次にレジ袋の資源問題への効果と言えば原油資源の節約です。2000年頃のレジ袋の使用量は約300億枚で原油換算の使用量は200リットルのドラム缶で280万本(約55万キロリットル)でした。前述のレジ袋の削減量を考慮すれば原油使用量は半分以上削減されていると考えられます。
プラスチックの原料となるのは原油そのものではなく原油から作られるナフサです。日本国内でプラスチックの製造に消費されたナフサの量を原油に換算すると、国内で消費される原油の約3%がプラスチックとなっている計算になります。2020年の日本のプラスチックの年間の生産量は約963万トン、年間の消費量は約841万トンでした。この数字を考えるとレジ袋の削減、あるいはプラスチックの削減によって原油の使用量が著しく減少するとは言えません。資源問題を解決できるほどのものではないことがわかります。原油の多くは燃料として利用されていますから、原油使用量を効果的に削減するにはもっと別な取り組みをする必要があります。
最後に二酸化炭素の発生量について考えてみましょう。レジ袋1枚あたりの原油の使用量は18.3 mLとされています。二酸化炭素排出量は二酸化炭素中の炭素の重量に換算した数値(単位kgC)で表します。原油1 Lあたりの二酸化炭素排出量は0.7225 kgCですから、18.3 mLは0.0132 kgCとなります。すなわちレジ袋1枚を削減すると二酸化炭素排出量は13.2 gC削減できることになります。実際にはレジ袋の代わりにマイバッグが使用されたり、ごみ袋としての同等品の消費量が増える分も考慮する必要があり、それらを勘案した実質的な二酸化炭素排出量は13.2 gCよりも小さな値となるはずです。上述の資源問題と同様に二酸化炭素排出量を有意に抑えるためには別の取り組みが必要です。

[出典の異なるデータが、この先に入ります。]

text \<open>Since \<open>\<epsilon>\<^sub>x f \<epsilon>\<^sub>x\<close> is a multiple of \<open>\<epsilon>\<^sub>x\<close>, splitting \<open>\<epsilon>\<^sub>x = j + k\<close> puts
  \<open>\<epsilon>\<^sub>x\<close> into whichever summand has a non-zero coefficient at \<open>\<epsilon>\<^sub>x\<close>.\<close>
lemma gamma_edge_in_summand:
  fixes J K :: "(qpath \<Rightarrow> 'k::field) set"
  assumes adm: "admissible n dir" and J: "is_ideal n dir J" and K: "is_ideal n dir K"
    and sum: "I = {(\<lambda>r. j r + k r) | j k. j \<in> J \<and> k \<in> K}" and x: "x \<in> gamma_edges n dir I"
  shows "path_elem (x, []) \<in> J \<or> path_elem (x, []) \<in> K"
proof -
  obtain j k where jk: "path_elem (x, []) = (\<lambda>r. j r + k r)" "j \<in> J" "k \<in> K"
    using x sum unfolding gamma_edges_def by blast
  have "x < n"
    using x by (auto simp: gamma_edges_def is_source_def is_sink_def)
  then have e: "path_elem (x, []) \<in> pathalg n dir"
    using path_elem_pathalg is_path_trivial by blast
  have corner: "(\<lambda>r. f (x, []) * path_elem (x, []) r) \<in> L"
    if "is_ideal n dir L" "f \<in> L" for L and f :: "qpath \<Rightarrow> 'k"
    using pmult_corner_trivial[OF adm \<open>x < n\<close>, of f]
      ideal_mult_right[OF that(1) ideal_mult_left[OF that e] e] by simp
  have "j (x, []) + k (x, []) = 1"
    using fun_cong[OF jk(1), of "(x, [])"] by (simp add: path_elem_def)
  then have "j (x, []) \<noteq> 0 \<or> k (x, []) \<noteq> 0"
    by auto
  then show ?thesis
    using ideal_path_elem_of_multiple[OF J corner[OF J jk(2)]]
      ideal_path_elem_of_multiple[OF K corner[OF K jk(3)]] by blast
qed

lemma path_elem_in_ideal_at_endpoint:
  fixes J :: "(qpath \<Rightarrow> 'k::field) set"
  assumes J: "is_ideal n dir J" and v: "is_path n dir v"
    and y: "is_endpoint n dir y v" and yJ: "path_elem (y, []) \<in> J"
  shows "path_elem v \<in> J"
  using y unfolding is_endpoint_def path_start_def
proof
  assume "y = fst v"
  then show ?thesis
    using path_elem_trivial_mult_left[OF v, where 'k='k]
      ideal_mult_right[OF J yJ path_elem_pathalg[OF v]] by simp
next
  assume "y = path_end n dir v"
  then show ?thesis
    using path_elem_trivial_mult_right[OF v, where 'k='k]
      ideal_mult_left[OF J yJ path_elem_pathalg[OF v]] by simp
qed

text \<open>A coefficient \<open>k p \<noteq> 0\<close> with \<open>v = \<alpha> p \<beta>\<close> survives in \<open>\<epsilon>\<^sub>y \<alpha> k\<close> or \<open>k \<beta> \<epsilon>\<^sub>y\<close>.\<close>
lemma ideals_meet_at_endpoint:
  fixes J K :: "(qpath \<Rightarrow> 'k::field) set"
  assumes J: "is_ideal n dir J" and K: "is_ideal n dir K"
    and y: "is_endpoint n dir y v" "path_elem (y, []) \<in> J"
    and k: "k \<in> K" "k p \<noteq> 0" and p: "is_path n dir p" and le: "le_J n dir p v"
  shows "\<exists>h \<in> J \<inter> K. h \<noteq> (\<lambda>_. 0)"
proof -
  obtain a b where ab: "is_path n dir a" "is_path n dir b" "composable n dir a p"
    "composable n dir p b" "v = pconcat (pconcat a p) b"
    using le unfolding le_J_def by blast
  have ey: "(path_elem (y, []) :: qpath \<Rightarrow> 'k) \<in> pathalg n dir"
    using ideal_pathalg[OF J y(2)] .
  have ends: "fst v = fst a" "path_end n dir v = path_end n dir b"
    using ab(3-5) by (simp_all add: path_end_pconcat composable_pconcat)
  from y(1) show ?thesis
    unfolding is_endpoint_def path_start_def
  proof
    assume "y = fst v"
    let ?g = "pmult n dir (path_elem a) k"
    have "?g \<in> K"
      using ideal_mult_left[OF K k(1) path_elem_pathalg[OF ab(1)]] .
    then have "pmult n dir (path_elem (y, [])) ?g \<in> J \<inter> K"
      using ideal_mult_left[OF K _ ey] ideal_mult_right[OF J y(2) ideal_pathalg[OF K]] by blast
    with pmult_trivial_start_nonzero[OF ab(1) p ab(3), of k, OF k(2)] show ?thesis
      using \<open>y = fst v\<close> ends by auto
  next
    assume "y = path_end n dir v"
    let ?g = "pmult n dir k (path_elem b)"
    have "?g \<in> K"
      using ideal_mult_right[OF K k(1) path_elem_pathalg[OF ab(2)]] .
    then have "pmult n dir ?g (path_elem (y, [])) \<in> J \<inter> K"
      using ideal_mult_right[OF K _ ey] ideal_mult_left[OF J y(2) ideal_pathalg[OF K]] by blast
    with pmult_trivial_end_nonzero[OF p ab(2) ab(4), of k, OF k(2)] show ?thesis
      using \<open>y = path_end n dir v\<close> ends by auto
  qed
qed
lemma Maxw_le_1: "Maxw (v :: 'a::euclidean_space) \<le> 1"
proof -
  have "(2 * pi) powr (- real DIM('a) / 2) \<le> 1"
    using powr_mono[of "- real DIM('a) / 2" 0 "2 * pi"] pi_gt3 by simp
  then show ?thesis
    unfolding Maxw_def by (intro mult_le_one) simp_all
qed

lemma Maxw_eq_prod_std_normal_density:
  "Maxw (v :: 'a::euclidean_space) = (\<Prod>b\<in>Basis. std_normal_density (v \<bullet> b))"
proof -
  have "(\<Prod>b\<in>(Basis :: 'a set). 1 / sqrt (2 * pi)) = ((2 * pi) powr (-1 / 2)) powr real DIM('a)"
    by (simp add: powr_realpow powr_minus_divide powr_half_sqrt)
  then have prefactor: "(\<Prod>b\<in>(Basis :: 'a set). 1 / sqrt (2 * pi)) = (2 * pi) powr (- real DIM('a) / 2)"
    by (simp add: powr_powr)
  have "(norm v)\<^sup>2 = (\<Sum>b\<in>Basis. (v \<bullet> b)\<^sup>2)"
    unfolding power2_norm_eq_inner by (subst euclidean_inner) (simp add: power2_eq_square)
  then have "(\<Prod>b\<in>Basis. exp (- (v \<bullet> b)\<^sup>2 / 2)) = exp (- (norm v)\<^sup>2 / 2)"
    by (simp add: exp_sum[symmetric] sum_negf sum_divide_distrib)
  with prefactor show ?thesis
    unfolding Maxw_def std_normal_density_def prod.distrib by simp
qed

lemma nn_integral_Maxw: "(\<integral>\<^sup>+v. Maxw (v :: 'a::euclidean_space) \<partial>lborel) = 1"
proof -
  have "(\<integral>\<^sup>+v. Maxw (v :: 'a) \<partial>lborel) = (\<integral>\<^sup>+v. (\<Prod>b\<in>Basis. ennreal (std_normal_density ((v :: 'a) \<bullet> b))) \<partial>lborel)"
    by (subst prod_ennreal) (auto simp: Maxw_eq_prod_std_normal_density)
  also have "\<dots> = (\<Prod>b\<in>(Basis :: 'a set). \<integral>\<^sup>+x. std_normal_density x \<partial>lborel)"
    by (rule nn_integral_lborel_prod) auto
  also have "(\<integral>\<^sup>+x. std_normal_density x \<partial>lborel) = 1"
    by (subst nn_integral_eq_integral) auto
  finally show ?thesis by simp
qed

lemma integrable_Maxw: "integrable lborel (Maxw :: 'a::euclidean_space \<Rightarrow> real)"
  using nn_integral_Maxw[where 'a='a] Maxw_pos[where 'a='a]
  by (subst integrable_iff_bounded) (auto simp: less_imp_le)

lemma Msqrt_pos: "0 < Msqrt v"
  unfolding Msqrt_def using Maxw_pos by simp

lemma Msqrt_squared: "(Msqrt v)\<^sup>2 = Maxw v"
  unfolding Msqrt_def using Maxw_pos[of v] by simp

lemma finf_pos: "0 < k \<Longrightarrow> 0 < finf k v"
  unfolding finf_def using Maxw_pos[of v] by (simp add: add_pos_pos)

lemma finf_less_1: "0 < k \<Longrightarrow> finf k v < 1"
  unfolding finf_def using Maxw_pos[of v] by (simp add: divide_simps add_pos_pos)

lemma finf_le_Maxw: "0 < k \<Longrightarrow> finf k v \<le> k * Maxw v"
  unfolding finf_def using Maxw_pos[of v] by (simp add: divide_simps)
(* There is a constant $C>0$, independent of $n$, $f$, $g$ and $x$, such that for all real-valued $f,g\in C^{1}[0,1]$, all $n\ge1$ and all $x\in[0,1]$, $$n\left|B_{n}(fg)(x)-B_{n}(f)(x)B_{n}(g)(x)-\frac{x(1-x)}{n}f'(x)g'(x)\right|\le C\,x(1-x)\Big\{\omega_{3}\big(f';n^{-1/6}\big)\,\omega_{3}\big(g';n^{-1/6}\big)$$ $$+\|f'\|\,\omega_{3}\big(g';n^{-1/6}\big)+\|g'\|\,\omega_{3}\big(f';n^{-1/6}\big)+\max\Big\{\frac{\|f\|}{n^{1/2}},\omega_{3}\big(f';n^{-1/6}\big)\Big\}\cdot\max\Big\{\frac{\|g\|}{n^{1/2}},\omega_{3}\big(g';n^{-1/6}\big)\Big\}\Big\}.$$
   Context: For $f:[0,1]\to\mathbb{R}$ the Bernstein polynomials are $B_{n}(f)(x)=\sum_{k=0}^{n}\binom{n}{k}x^{k}(1-x)^{n-k}f(k/n)$. $\|\cdot\|$ denotes the uniform norm on $C[0,1]$. For $h\in C[0,1]$ and $\delta>0$, $\omega_{3}(h;\delta)=\sup\{|h(x+3t)-3h(x+2t)+3h(x+t)-h(x)| : 0<t\le\delta,\ x,x+3t\in[0,1]\}$ is the third-order modulus of smoothness. *)

theory Defs
  imports "HOL-Analysis.Analysis"
begin

definition bernstein :: "nat \<Rightarrow> (real \<Rightarrow> real) \<Rightarrow> real \<Rightarrow> real" where
  "bernstein n f x = (\<Sum>k=0..n. real (n choose k) * x ^ k * (1 - x) ^ (n - k) * f (real k / real n))"

definition unorm :: "(real \<Rightarrow> real) \<Rightarrow> real" where
  "unorm h = (SUP x\<in>{0..1}. \<bar>h x\<bar>)"

definition omega3 :: "(real \<Rightarrow> real) \<Rightarrow> real \<Rightarrow> real" where
  "omega3 h \<delta> = Sup {\<bar>h (x + 3*t) - 3 * h (x + 2*t) + 3 * h (x + t) - h x\<bar> | x t.
      0 < t \<and> t \<le> \<delta> \<and> 0 \<le> x \<and> x + 3*t \<le> 1}"

definition C1_on_unit :: "(real \<Rightarrow> real) \<Rightarrow> (real \<Rightarrow> real) \<Rightarrow> bool" where
  "C1_on_unit f f' \<longleftrightarrow> continuous_on {0..1} f' \<and>
     (\<forall>x\<in>{0..1}. (f has_real_derivative f' x) (at x within {0..1}))"

end

theory Submission
  imports Defs
begin
(* Let $A_{00}\subset A_{01}\subset A_{11}$ and $A_{00}\subset A_{10}\subset A_{11}$ be unital inclusions of multi-matrix algebras forming a commuting square (with respect to a faithful tracial state $\mathrm{tr}$ on $A_{11}$ and the $\mathrm{tr}$-preserving conditional expectations $E_{ij}:A_{11}\to A_{ij}$, i.e. $E_{01}E_{10}=E_{00}$). Let $A_{ij}$ have $n_{ij}$ simple summands, let $T_{ij}^{kl}$ be the inclusion matrix of $A_{ij}\subset A_{kl}$, let $v^{11}=(v^{11}_k)_{k=1}^{n_{11}}$ be the trace vector of $\mathrm{tr}$ and $v^{ij}=(v^{ij}_k)_{k=1}^{n_{ij}}$ the trace vector of the restriction of $\mathrm{tr}$ to $A_{ij}$. Then for all $1\le p<\infty$, all $a_1,\dots,a_{n_{11}}\ge0$ and all $1\le i\le n_{00}$, $$\left(\sum_{j=1}^{n_{10}}\left(\sum_{l=1}^{n_{11}} \frac{(T_{10}^{11})_{jl}\, a_lv_l^{11}}{v_j^{10}}\right)^p \frac{(T_{00}^{10})_{ij}\, v_j^{10}}{v_i^{00}}\right)^{1/p} \le \sum_{k=1}^{n_{01}}\left(\sum_{l=1}^{n_{11}} \frac{(T_{01}^{11})_{kl}\, a_l^pv_l^{11}}{v_k^{01}}\right)^{1/p}\frac{(T_{00}^{01})_{ik}\, v_k^{01}}{v_i^{00}}.$$
   Context: A multi-matrix algebra is a finite direct sum $\bigoplus_i M_{k_i}(\mathbb{C})$. For a unital inclusion $A_0=\bigoplus_{i=1}^{n_0}M_{k_i}(\mathbb{C})\subset\bigoplus_{j=1}^{n_1}M_{l_j}(\mathbb{C})=A_1$, the inclusion matrix $T=(m_{ij})$ has $m_{ij}$ equal to the multiplicity of the summand $M_{k_i}(\mathbb{C})$ in $M_{l_j}(\mathbb{C})$. For a faithful tracial state $\mathrm{tr}$ on $A_1$, the trace vector is $(v_j)_j$ with $v_j=\mathrm{tr}(q_j)$ for $q_j$ a minimal projection in the $j$-th summand. *)

theory Defs
  imports "HOL-Analysis.Analysis"
begin

text \<open>We realise every multi-matrix algebra concretely as a unital *-subalgebra of the
full matrix algebra M_N(C), represented by the type complex^'n^'n (N = CARD('n)).
Every finite-dimensional C*-algebra (= multi-matrix algebra) arises this way.\<close>

type_synonym 'n cmat = "complex^'n^'n"

definition adj :: "'n::finite cmat \<Rightarrow> 'n cmat" where
  "adj A = (\<chi> i j. cnj (A $ j $ i))"

definition cscale :: "complex \<Rightarrow> 'n::finite cmat \<Rightarrow> 'n cmat" where
  "cscale c A = (\<chi> i j. c * A $ i $ j)"

definition mtrace :: "'n::finite cmat \<Rightarrow> complex" where
  "mtrace A = (\<Sum>i\<in>UNIV. A $ i $ i)"

definition unital_star_subalg :: "'n::finite cmat set \<Rightarrow> bool" where
  "unital_star_subalg S \<longleftrightarrow>
     mat 1 \<in> S \<and> 0 \<in> S \<and>
     (\<forall>x\<in>S. \<forall>y\<in>S. x + y \<in> S \<and> x ** y \<in> S) \<and>
     (\<forall>c. \<forall>x\<in>S. cscale c x \<in> S) \<and>
     (\<forall>x\<in>S. adj x \<in> S)"

definition faithful_tracial_state :: "('n::finite cmat \<Rightarrow> complex) \<Rightarrow> 'n cmat set \<Rightarrow> bool" where
  "faithful_tracial_state tr S \<longleftrightarrow>
     (\<forall>x\<in>S. \<forall>y\<in>S. tr (x + y) = tr x + tr y) \<and>
     (\<forall>c. \<forall>x\<in>S. tr (cscale c x) = c * tr x) \<and>
     tr (mat 1) = 1 \<and>
     (\<forall>x\<in>S. \<forall>y\<in>S. tr (x ** y) = tr (y ** x)) \<and>
     (\<forall>x\<in>S. Im (tr (adj x ** x)) = 0 \<and> Re (tr (adj x ** x)) \<ge> 0) \<and>
     (\<forall>x\<in>S. tr (adj x ** x) = 0 \<longrightarrow> x = 0)"

definition tr_cond_exp ::
  "('n::finite cmat \<Rightarrow> complex) \<Rightarrow> 'n cmat set \<Rightarrow> 'n cmat set \<Rightarrow> ('n cmat \<Rightarrow> 'n cmat) \<Rightarrow> bool" where
  "tr_cond_exp tr S B E \<longleftrightarrow>
     (\<forall>x\<in>S. E x \<in> B) \<and>
     (\<forall>x\<in>S. \<forall>y\<in>S. E (x + y) = E x + E y) \<and>
     (\<forall>c. \<forall>x\<in>S. E (cscale c x) = cscale c (E x)) \<and>
     (\<forall>b\<in>B. E b = b) \<and>
     (\<forall>b1\<in>B. \<forall>b2\<in>B. \<forall>x\<in>S. E (b1 ** x ** b2) = b1 ** E x ** b2) \<and>
     (\<forall>x\<in>S. tr (E x) = tr x)"

definition is_proj :: "'n::finite cmat \<Rightarrow> bool" where
  "is_proj p \<longleftrightarrow> p ** p = p \<and> adj p = p"

definition min_projs :: "'n::finite cmat set \<Rightarrow> 'n cmat set" where
  "min_projs S = {p. p \<in> S \<and> is_proj p \<and> p \<noteq> 0 \<and>
       (\<forall>q\<in>S. is_proj q \<and> q \<noteq> 0 \<and> q ** p = q \<longrightarrow> q = p)}"

definition central_proj :: "'n::finite cmat set \<Rightarrow> 'n cmat \<Rightarrow> bool" where
  "central_proj S p \<longleftrightarrow> p \<in> S \<and> is_proj p \<and> (\<forall>x\<in>S. p ** x = x ** p)"

text \<open>Minimal central projections of S; they index the simple summands of S.\<close>
definition summands :: "'n::finite cmat set \<Rightarrow> 'n cmat set" where
  "summands S = {z. central_proj S z \<and> z \<noteq> 0 \<and>
       (\<forall>q. central_proj S q \<and> q \<noteq> 0 \<and> q ** z = q \<longrightarrow> q = z)}"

こうして考えるとレジ袋の削減はプラスチックごみの削減の効果はそれなりにあることがわかります。原油資源の節約や二酸化炭素排出量の削減は全体からすると微々たる量ですから副次的な効果とも言えるでしょう。そうは言いながらも塵も積もれば山となるでできるところから手をつけていくという視点も重要です。
ごみ問題は生活に密着しているので人間的、社会的、現代的な問題です。レジ袋の削減の取り組みもレジ袋を絶対に使わないと考えるのではなくTPO(時間・場所・場合)に即して「便利と不便」「安全と危険(特に衛生面など)」などのバランスを鑑みながら使用するか使用しないかを考えれば良いのだろうと思います。重要なことは使ったレジ袋を環境中に投棄せず適切に処分することです。